CALGARY, AB – Advantage Oil & Gas Ltd. (“Advantage” or the “Corporation”) is pleased to announce a modest increase in 2020 capital guidance, as a result of continued strengthening of the Corporation’s outlook. Spending for 2020 is now projected to be between $147 million and $162 million, an increase of approximately $17 million, primarily to accelerate a four-well pad into Q4 2020 and augment natural gas production through the winter season.
- The four additional wells are to be drilled at Glacier (two D4 Montney and two Upper Montney); all four of these wells are expected to be onstream during the first quarter of 2021
- Six Glacier wells have been drilled to date in the second half of 2020 (all D1 Montney); all six of these wells are expected to be onstream prior to year-end 2020
- All 10 wells in the program are expected to have payouts within one year of spud date
- Production will be processed using existing capacity at Advantage’s 400 mmcf/d Glacier Gas Plant, incurring minimal incremental operating costs and low carbon-intensity
Advantage’s 2021 production is expected to grow between 5% and 10%, with exceptional growth anticipated in adjusted funds flow(a) (“AFF”) based on current natural gas futures pricing. Directionally, Advantage expects that 2021 net capital expenditures will be approximately 75% of AFF, and that net debt to AFF(a) ratio will approach 1x by year-end 2021. The Corporation plans to provide formal 2021 guidance during the fourth quarter of 2020.
As a part of our annual planning strategy, Advantage has completed detailed analysis to establish a baseline for “sustaining capital”, defined as the estimated net capital expenditures required annually to keep corporate production flat over a sustained three-year period. For the period of 2021 to 2023, Advantage’s sustaining capital is estimated to be under $80 million per year, as a result of prolific Montney assets and a corporate base decline rate of approximately 23%.
Based on our current commodity price outlook for 2021, Advantage anticipates spending roughly three-quarters of capital on Glacier drilling with the remainder to be used to advance our oil and liquids developments at Valhalla, Progress and Pipestone/Wembley. Advantage has maintained the flexibility to reallocate capital between assets should prices swing in favor of liquids development.
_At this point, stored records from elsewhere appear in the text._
(* Let $X$ be a $T_1$-space. Then $\overline{\mathrm{F}}(X)\simeq\overline{\mathrm{F}}(\mathcal{O}X)$ and $\mathrm{F}(X)\simeq\mathrm{F}(\mathcal{O}X)$ as posets.
   Context: $\overline{\mathrm{F}}(X)$ is the set of all functions $X\to[-\infty,+\infty]$ and $\mathrm{F}(X)$ the set of all functions $X\to\mathbb{R}$, both ordered pointwise. $\mathcal{O}X$ is the frame of open sets of $X$. For a frame $L$: $\mathbb{Q}$ is the rationals; a sublocale of $L$ is a subset closed under arbitrary meets and such that $x\to s\in S$ for $x\in L$, $s\in S$; $\mathrm{coS}(L)$ is the frame of sublocales ordered by reverse inclusion, with pseudocomplement $^\ast$. The frame $\mathfrak{L}(\overline{\mathbb{IR}})$ is presented by generators $(r,\textsf{---})$, $(\textsf{---},s)$ ($r,s\in\mathbb{Q}$) with relations (r1) $(r,\textsf{---})\wedge(\textsf{---},s)=0$ for $r\ge s$; (r3) $(r,\textsf{---})=\bigvee_{s>r}(s,\textsf{---})$; (r4) $(\textsf{---},s)=\bigvee_{r<s}(\textsf{---},r)$. $\overline{\mathrm{F}}(L)$ is the set of frame homomorphisms $f\colon\mathfrak{L}(\overline{\mathbb{IR}})\to\mathrm{coS}(L)$ with $f(r,\textsf{---})^\ast\le f(\textsf{---},s)$ and $f(\textsf{---},s)^\ast\le f(r,\textsf{---})$ for $r<s$, ordered by $f\le g$ iff $f(r,\textsf{---})\le g(r,\textsf{---})$ and $g(\textsf{---},s)\le f(\textsf{---},s)$; it is a complete lattice with top $\boldsymbol{+\infty}$ ($(r,\textsf{---})\mapsto1$, $(\textsf{---},s)\mapsto0$) and bottom $\boldsymbol{-\infty}$ ($(r,\textsf{---})\mapsto0$, $(\textsf{---},s)\mapsto1$). $\mathrm{F}(L)$ is the set of $f\in\overline{\mathrm{F}}(L)$ such that for all $g\in\overline{\mathrm{F}}(L)$, $f\vee g=\boldsymbol{+\infty}\Rightarrow g=\boldsymbol{+\infty}$ and $f\wedge g=\boldsymbol{-\infty}\Rightarrow g=\boldsymbol{-\infty}$. *)

theory Defs
  imports "HOL-Analysis.Analysis" "HOL-Library.Extended_Real" "HOL-Library.FuncSet"
begin

definition is_lub :: "('b \<Rightarrow> 'b \<Rightarrow> bool) \<Rightarrow> 'b set \<Rightarrow> 'b set \<Rightarrow> 'b \<Rightarrow> bool" where
  "is_lub le A S x \<longleftrightarrow> x \<in> A \<and> (\<forall>s\<in>S. le s x) \<and> (\<forall>y\<in>A. (\<forall>s\<in>S. le s y) \<longrightarrow> le x y)"

definition is_glb :: "('b \<Rightarrow> 'b \<Rightarrow> bool) \<Rightarrow> 'b set \<Rightarrow> 'b set \<Rightarrow> 'b \<Rightarrow> bool" where
  "is_glb le A S x \<longleftrightarrow> x \<in> A \<and> (\<forall>s\<in>S. le x s) \<and> (\<forall>y\<in>A. (\<forall>s\<in>S. le y s) \<longrightarrow> le y x)"

definition ljoin :: "('b \<Rightarrow> 'b \<Rightarrow> bool) \<Rightarrow> 'b set \<Rightarrow> 'b set \<Rightarrow> 'b" where
  "ljoin le A S = (THE x. is_lub le A S x)"

definition lmeet :: "('b \<Rightarrow> 'b \<Rightarrow> bool) \<Rightarrow> 'b set \<Rightarrow> 'b set \<Rightarrow> 'b" where
  "lmeet le A S = (THE x. is_glb le A S x)"

definition heyting :: "('b \<Rightarrow> 'b \<Rightarrow> bool) \<Rightarrow> 'b set \<Rightarrow> 'b \<Rightarrow> 'b \<Rightarrow> 'b" where
  "heyting le L x y = ljoin le L {z \<in> L. le (lmeet le L {z, x}) y}"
Non-GAAP Measure which may not be comparable to similar non-GAAP measures used by other entities. Please see Advisory for reconciliations to the nearest measure calculated in accordance with GAAP.
Advantage has hedged approximately 51% of its natural gas production for the second half of 2020. The Corporation continues to increase its hedging position in 2021 and currently has 31% of forecast natural gas production hedged between Henry Hub, Chicago and Dawn at an average price of US$2.51/mmbtu. Advantage has hedged 33% of its crude oil and condensate production for the second half of 2020 with WTI swaps at an average price of US$55.44/bbl.
2020 Guidance Update
Advantage’s 2020 capital guidance range will now be $147 million to $162 million versus the previous range of $130 million to $145 million. There are no other changes to the Corporation’s previous 2020 guidance.